Below is an instruction that describes a task, paired with an input that provides further context. Write a response that appropriately completes the request.

### Instruction:
Identify a suitable <verb> in the following sentence.

### Input:
Cat <verb> in the garden.

### Response:
Cat sat in the garden.


## Push the model to your Hugging Face Hub


Optionally, Hugging Face allows to you easily store trained models in their hub.

In [None]:
# Note: The token needs to have "write" permission
#       You can check it here:
#       https://huggingface.co/settings/tokens
# Uncomment and run this if you wish to publish the model to Hugging Face Hub
# model.push_to_hub("my-gemma-finetuned-model")

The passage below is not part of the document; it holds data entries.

text \<open>Write k = 2m+1 and let G = majority m, G(y) = Pr[Bin(2m+1, y) > m], so that
  F_{p,k}(x) = G((1-p)x). The substitution y = (1-p)x maps the nonzero fixed points onto the
  solutions y in (0,1] of h(y) = 1/(1-p), where h = majority_ratio m is G(y)/y, and the fixed
  point is recovered as x = G(y). Since G'(y) = (2m+1) binom(2m,m) (y(1-y))^m, the numerator
  y G' - G of h' increases on [0,1/2] and decreases on [1/2,1], from 0 to -1; so h increases up
  to some c in (1/2,1) and decreases after it, with h(0+) = G'(0) = 0 and h(1) = 1. Hence
  p_k* = 1 - 1/h(c), and for p <= p_k* the smallest nonzero fixed point is G(y(p)) with y(p)
  the solution on the increasing branch of h; as p grows, 1/(1-p) grows, hence so do y(p) and
  G(y(p)). The bounds 1/9 <= p_k* < 1/2 follow from h(c) <= 1/c < 2 and h(c) >= h(3/4) >= 9/8,
  the latter because G(3/4) increases with m.\<close>

lemma strict_mono_on_if_deriv_pos:
  fixes f f' :: "real \<Rightarrow> real"
  assumes "convex S" and "continuous_on S f"
    and "\<And>x. x \<in> interior S \<Longrightarrow> (f has_real_derivative f' x) (at x)"
    and "\<And>x. x \<in> interior S \<Longrightarrow> f' x > 0"
  shows "strict_mono_on S f"
proof (rule strict_mono_onI)
  fix a b assume ab: "a \<in> S" "b \<in> S" "a < b"
  have "closed_segment a b \<subseteq> S"
    using ab \<open>convex S\<close> by (simp add: convex_contains_segment)
  then have sub: "{a..b} \<subseteq> S"
    using \<open>a < b\<close> by (simp add: closed_segment_eq_real_ivl)
  then have inner: "{a<..<b} \<subseteq> interior S"
    by (metis interior_atLeastAtMost_real interior_mono)
  show "f a < f b"
  proof (rule DERIV_pos_imp_increasing_open[OF \<open>a < b\<close>])
    show "continuous_on {a..b} f"
      using assms(2) sub by (rule continuous_on_subset)
  next
    fix x assume "a < x" "x < b"
    then have "x \<in> interior S"
      using inner by auto
    then show "\<exists>y. (f has_real_derivative y) (at x) \<and> y > 0"
      using assms(3,4) by blast
  qed
qed

lemma strict_antimono_on_if_deriv_neg:
  fixes f f' :: "real \<Rightarrow> real"
  assumes "convex S" and "continuous_on S f"
    and "\<And>x. x \<in> interior S \<Longrightarrow> (f has_real_derivative f' x) (at x)"
    and "\<And>x. x \<in> interior S \<Longrightarrow> f' x < 0"
  shows "strict_antimono_on S f"
proof -
  have "strict_mono_on S (\<lambda>x. - f x)"
    using assms by (intro strict_mono_on_if_deriv_pos[where f' = "\<lambda>x. - f' x"])
      (auto intro: continuous_on_minus DERIV_minus)
  then show ?thesis
    by (auto simp: monotone_on_def)
qed

lemma has_real_derivative_Bernstein_Suc:
  assumes "j \<le> n"
  shows "(Bernstein (Suc n) (Suc j) has_real_derivative
           real (Suc n) * (Bernstein n j y - Bernstein n (Suc j) y)) (at y)"
proof (cases "j = n")
  case True
  have "((\<lambda>y. y ^ Suc n) has_real_derivative real (Suc n) * y ^ n) (at y)"
    by (rule derivative_eq_intros refl)+ simp
  then show ?thesis
    using True by (simp add: Bernstein_def[abs_def] binomial_eq_0)
next
  case False
  then obtain d where d: "n - j = Suc d"
    using assms by (metis Suc_diff_Suc le_neq_implies_less)
  then have d': "n - Suc j = d"
    by simp
  define A where "A = real (Suc n choose Suc j)"
  have absorb_left: "real (Suc j) * A = real (Suc n) * real (n choose j)"
    using binomial_absorption[of j "Suc n"] unfolding A_def by (metis diff_Suc_1 of_nat_mult)
  have absorb_right: "real (Suc d) * A = real (Suc n) * real (n choose Suc j)"
    using binomial_absorb_comp[of "Suc n" "Suc j"] d unfolding A_def
    by (metis diff_Suc_1 diff_Suc_Suc of_nat_mult)
  have Bernstein_eq: "Bernstein (Suc n) (Suc j) = (\<lambda>y. A * y ^ Suc j * (1 - y) ^ Suc d)"
    using d by (simp add: Bernstein_def[abs_def] A_def)
  have deriv: "((\<lambda>y. A * y ^ Suc j * (1 - y) ^ Suc d) has_real_derivative
      (real (Suc j) * A) * y ^ j * (1 - y) ^ Suc d - (real (Suc d) * A) * y ^ Suc j * (1 - y) ^ d) (at y)"
    by (rule derivative_eq_intros refl)+ (simp add: algebra_simps)
  have deriv_eq: "(real (Suc j) * A) * y ^ j * (1 - y) ^ Suc d - (real (Suc d) * A) * y ^ Suc j * (1 - y) ^ d
      = real (Suc n) * (Bernstein n j y - Bernstein n (Suc j) y)"
    unfolding absorb_left absorb_right by (simp add: Bernstein_def algebra_simps d d')
  show ?thesis
    using deriv unfolding Bernstein_eq deriv_eq .
qed

lemma has_real_derivative_Bernstein_tail:
  assumes "j \<le> n"
  shows "((\<lambda>y. \<Sum>i = Suc j..Suc n. Bernstein (Suc n) i y) has_real_derivative
           real (Suc n) * Bernstein n j y) (at y)"
proof -
  have "((\<lambda>y. \<Sum>i = j..n. Bernstein (Suc n) (Suc i) y) has_real_derivative
      (\<Sum>i = j..n. real (Suc n) * (Bernstein n i y - Bernstein n (Suc i) y))) (at y)"
    by (intro DERIV_sum has_real_derivative_Bernstein_Suc) simp
  moreover have "(\<Sum>i = j..n. Bernstein n i y - Bernstein n (Suc i) y) = Bernstein n j y"
    using sum_Suc_diff[of j n "\<lambda>i. - Bernstein n i y"] assms
    by (simp add: Bernstein_def binomial_eq_0)
  ultimately show ?thesis
    by (simp only: sum.shift_bounds_cl_Suc_ivl sum_distrib_left[symmetric])
qed

definition majority :: "nat \<Rightarrow> real \<Rightarrow> real" where
  "majority m y = (\<Sum>i = Suc m..Suc (2*m). Bernstein (Suc (2*m)) i y)"

definition majority_coeff :: "nat \<Rightarrow> real" where
  "majority_coeff m = real (Suc (2*m)) * real (2*m choose m)"

lemma F_odd_eq_majority: "F p (Suc (2*m)) x = majority m ((1 - p) * x)"
proof -
  have "(Suc (2*m) + 1) div 2 = Suc m"
    by simp
  then show ?thesis
    unfolding F_def majority_def Bernstein_def by (simp only:)
qed

lemma majority_coeff_pos: "majority_coeff m > 0"
  by (simp add: majority_coeff_def)

lemma majority_has_real_derivative:
  "(majority m has_real_derivative majority_coeff m * (y * (1 - y)) ^ m) (at y)"
proof -
  have "(majority m has_real_derivative real (Suc (2*m)) * Bernstein (2*m) m y) (at y)"
    unfolding majority_def[abs_def] by (rule has_real_derivative_Bernstein_tail) simp
  moreover have "Bernstein (2*m) m y = real (2*m choose m) * (y * (1 - y)) ^ m"
    by (simp add: Bernstein_def power_mult_distrib)
  ultimately show ?thesis
    by (simp add: majority_coeff_def mult.assoc)
qed

lemma continuous_on_majority: "continuous_on S (majority m)"
  using majority_has_real_derivative by (meson DERIV_isCont continuous_at_imp_continuous_on)

lemma majority_0 [simp]: "majority m 0 = 0"
  by (auto simp: majority_def Bernstein_def intro!: sum.neutral)

lemma majority_1 [simp]: "majority m 1 = 1"
proof -
  have "(\<Sum>i = Suc m..2*m. Bernstein (Suc (2*m)) i 1) = 0"
    by (intro sum.neutral) (auto simp: Bernstein_def)
  moreover have "Bernstein (Suc (2*m)) (Suc (2*m)) 1 = 1"
    by (simp add: Bernstein_def)
  ultimately show ?thesis
    unfolding majority_def by (simp add: sum.cl_ivl_Suc)
qed

lemma strict_mono_on_majority: "strict_mono_on {0..1} (majority m)"
  by (rule strict_mono_on_if_deriv_pos[OF _ continuous_on_majority majority_has_real_derivative])
    (auto intro!: mult_pos_pos zero_less_power majority_coeff_pos)

lemma majority_in_unit_interval: "y \<in> {0..1} \<Longrightarrow> majority m y \<in> {0..1}"
  using strict_mono_on_less_eq[OF strict_mono_on_majority, of 0 y m]
    strict_mono_on_less_eq[OF strict_mono_on_majority, of y 1 m] by auto

definition majority_ratio :: "nat \<Rightarrow> real \<Rightarrow> real" where
  "majority_ratio m y = majority m y / y"

definition majority_ratio_numer :: "nat \<Rightarrow> real \<Rightarrow> real" where
  "majority_ratio_numer m y = y * (majority_coeff m * (y * (1 - y)) ^ m) - majority m y"

lemma majority_ratio_has_real_derivative:
  "y \<noteq> 0 \<Longrightarrow> (majority_ratio m has_real_derivative majority_ratio_numer m y / y\<^sup>2) (at y)"
  unfolding majority_ratio_def[abs_def] majority_ratio_numer_def
  by (rule derivative_eq_intros refl majority_has_real_derivative)+ (auto simp: power2_eq_square)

In this tutorial, you have learnt how to fine-tune a Gemma model using JORA and convert it to the Hugging Face model format for inference. By leveraging JAX's JIT compilation and tensor-sharding capabilities, you can achieve efficient resource management, enabling accelerated fine-tuning with reduced memory requirements.

This framework improves the scalability and feasibility of fine-tuning LLMs for complex RAG applications, even on systems with limited GPU resources.